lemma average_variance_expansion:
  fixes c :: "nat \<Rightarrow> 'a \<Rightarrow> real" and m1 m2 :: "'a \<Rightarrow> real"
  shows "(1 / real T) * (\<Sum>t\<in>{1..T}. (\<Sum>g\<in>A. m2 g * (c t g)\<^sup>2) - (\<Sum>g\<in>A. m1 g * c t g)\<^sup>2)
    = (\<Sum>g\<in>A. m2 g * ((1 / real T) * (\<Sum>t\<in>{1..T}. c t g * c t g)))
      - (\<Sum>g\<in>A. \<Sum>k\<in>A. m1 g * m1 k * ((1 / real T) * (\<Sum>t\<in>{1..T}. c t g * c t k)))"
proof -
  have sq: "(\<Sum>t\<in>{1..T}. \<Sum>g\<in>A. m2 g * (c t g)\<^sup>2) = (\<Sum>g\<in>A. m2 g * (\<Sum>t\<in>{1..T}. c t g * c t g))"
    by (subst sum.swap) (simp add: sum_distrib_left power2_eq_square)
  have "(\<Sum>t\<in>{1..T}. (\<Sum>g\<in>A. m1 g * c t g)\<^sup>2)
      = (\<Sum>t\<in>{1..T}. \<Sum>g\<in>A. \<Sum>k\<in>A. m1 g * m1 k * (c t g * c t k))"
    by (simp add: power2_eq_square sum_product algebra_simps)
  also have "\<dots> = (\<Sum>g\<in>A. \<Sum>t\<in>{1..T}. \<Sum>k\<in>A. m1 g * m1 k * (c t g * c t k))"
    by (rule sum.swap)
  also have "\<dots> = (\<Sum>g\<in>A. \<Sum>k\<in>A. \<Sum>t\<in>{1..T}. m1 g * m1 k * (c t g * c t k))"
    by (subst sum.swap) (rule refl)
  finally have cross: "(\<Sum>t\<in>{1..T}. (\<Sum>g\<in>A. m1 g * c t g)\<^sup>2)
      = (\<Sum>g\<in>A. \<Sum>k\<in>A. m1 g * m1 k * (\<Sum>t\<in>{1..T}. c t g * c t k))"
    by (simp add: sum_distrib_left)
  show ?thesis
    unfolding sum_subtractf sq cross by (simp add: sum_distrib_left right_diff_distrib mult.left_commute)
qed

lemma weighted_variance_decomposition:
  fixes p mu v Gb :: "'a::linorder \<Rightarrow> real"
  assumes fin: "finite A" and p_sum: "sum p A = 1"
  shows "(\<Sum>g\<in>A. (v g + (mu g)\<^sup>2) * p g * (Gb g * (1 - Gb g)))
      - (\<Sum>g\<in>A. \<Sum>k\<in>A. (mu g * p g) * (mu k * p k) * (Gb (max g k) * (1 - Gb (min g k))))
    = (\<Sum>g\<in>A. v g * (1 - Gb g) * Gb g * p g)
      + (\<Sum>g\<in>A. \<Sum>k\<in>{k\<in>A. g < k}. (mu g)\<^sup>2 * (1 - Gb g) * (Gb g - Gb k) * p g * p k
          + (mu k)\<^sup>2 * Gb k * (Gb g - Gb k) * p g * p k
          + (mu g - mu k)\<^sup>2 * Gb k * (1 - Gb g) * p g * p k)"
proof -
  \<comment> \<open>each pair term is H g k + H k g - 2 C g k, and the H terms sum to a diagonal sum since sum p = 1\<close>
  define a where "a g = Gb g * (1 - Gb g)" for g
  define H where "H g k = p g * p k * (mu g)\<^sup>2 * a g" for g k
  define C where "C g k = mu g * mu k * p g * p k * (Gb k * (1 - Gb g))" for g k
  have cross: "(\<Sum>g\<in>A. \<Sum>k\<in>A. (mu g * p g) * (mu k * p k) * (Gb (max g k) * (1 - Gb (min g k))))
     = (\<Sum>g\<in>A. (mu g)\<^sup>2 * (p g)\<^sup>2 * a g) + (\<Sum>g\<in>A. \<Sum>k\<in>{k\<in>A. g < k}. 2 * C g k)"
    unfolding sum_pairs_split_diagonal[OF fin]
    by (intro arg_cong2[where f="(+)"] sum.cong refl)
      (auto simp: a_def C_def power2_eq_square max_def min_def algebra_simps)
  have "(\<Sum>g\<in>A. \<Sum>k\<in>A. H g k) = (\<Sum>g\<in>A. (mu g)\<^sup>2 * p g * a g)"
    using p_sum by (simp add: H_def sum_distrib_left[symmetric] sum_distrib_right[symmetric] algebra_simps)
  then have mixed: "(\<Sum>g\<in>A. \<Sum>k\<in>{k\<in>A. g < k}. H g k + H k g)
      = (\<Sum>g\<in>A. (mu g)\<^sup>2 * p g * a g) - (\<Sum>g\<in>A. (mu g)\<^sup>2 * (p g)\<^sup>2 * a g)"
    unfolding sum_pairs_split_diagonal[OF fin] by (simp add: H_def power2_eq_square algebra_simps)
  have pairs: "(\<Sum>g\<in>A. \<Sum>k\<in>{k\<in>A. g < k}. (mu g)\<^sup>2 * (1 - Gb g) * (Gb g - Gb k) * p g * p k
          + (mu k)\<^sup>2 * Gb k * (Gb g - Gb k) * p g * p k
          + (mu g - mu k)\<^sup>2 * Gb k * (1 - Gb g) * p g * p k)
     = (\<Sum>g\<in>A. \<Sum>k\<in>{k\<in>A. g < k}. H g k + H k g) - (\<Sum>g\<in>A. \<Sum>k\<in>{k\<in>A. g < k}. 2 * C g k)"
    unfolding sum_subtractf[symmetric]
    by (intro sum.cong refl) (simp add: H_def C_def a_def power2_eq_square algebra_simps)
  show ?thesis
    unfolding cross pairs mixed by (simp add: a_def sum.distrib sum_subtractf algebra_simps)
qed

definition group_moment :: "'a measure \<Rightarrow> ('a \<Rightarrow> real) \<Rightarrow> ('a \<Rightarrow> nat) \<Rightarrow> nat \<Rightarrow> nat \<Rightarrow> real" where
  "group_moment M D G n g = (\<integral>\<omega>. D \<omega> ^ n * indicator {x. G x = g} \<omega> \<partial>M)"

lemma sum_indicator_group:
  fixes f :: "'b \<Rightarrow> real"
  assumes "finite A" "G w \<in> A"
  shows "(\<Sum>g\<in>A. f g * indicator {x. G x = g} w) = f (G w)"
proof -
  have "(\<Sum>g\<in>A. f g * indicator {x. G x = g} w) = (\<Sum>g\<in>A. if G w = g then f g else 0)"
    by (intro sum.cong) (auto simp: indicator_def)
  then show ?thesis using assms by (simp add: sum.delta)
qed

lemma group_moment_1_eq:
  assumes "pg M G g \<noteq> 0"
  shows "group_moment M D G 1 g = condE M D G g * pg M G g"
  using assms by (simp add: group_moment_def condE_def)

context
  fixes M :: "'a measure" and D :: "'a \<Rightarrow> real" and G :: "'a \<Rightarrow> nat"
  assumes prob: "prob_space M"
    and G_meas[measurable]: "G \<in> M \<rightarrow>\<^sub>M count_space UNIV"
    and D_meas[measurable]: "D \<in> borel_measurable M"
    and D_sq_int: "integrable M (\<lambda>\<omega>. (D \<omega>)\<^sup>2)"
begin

▸ Assigned task: Would you report every line of the entries above containing the word "finite"?

▸ Expected output:
  assumes fin: "finite A" and p_sum: "sum p A = 1"
  assumes "finite A" "G w \<in> A"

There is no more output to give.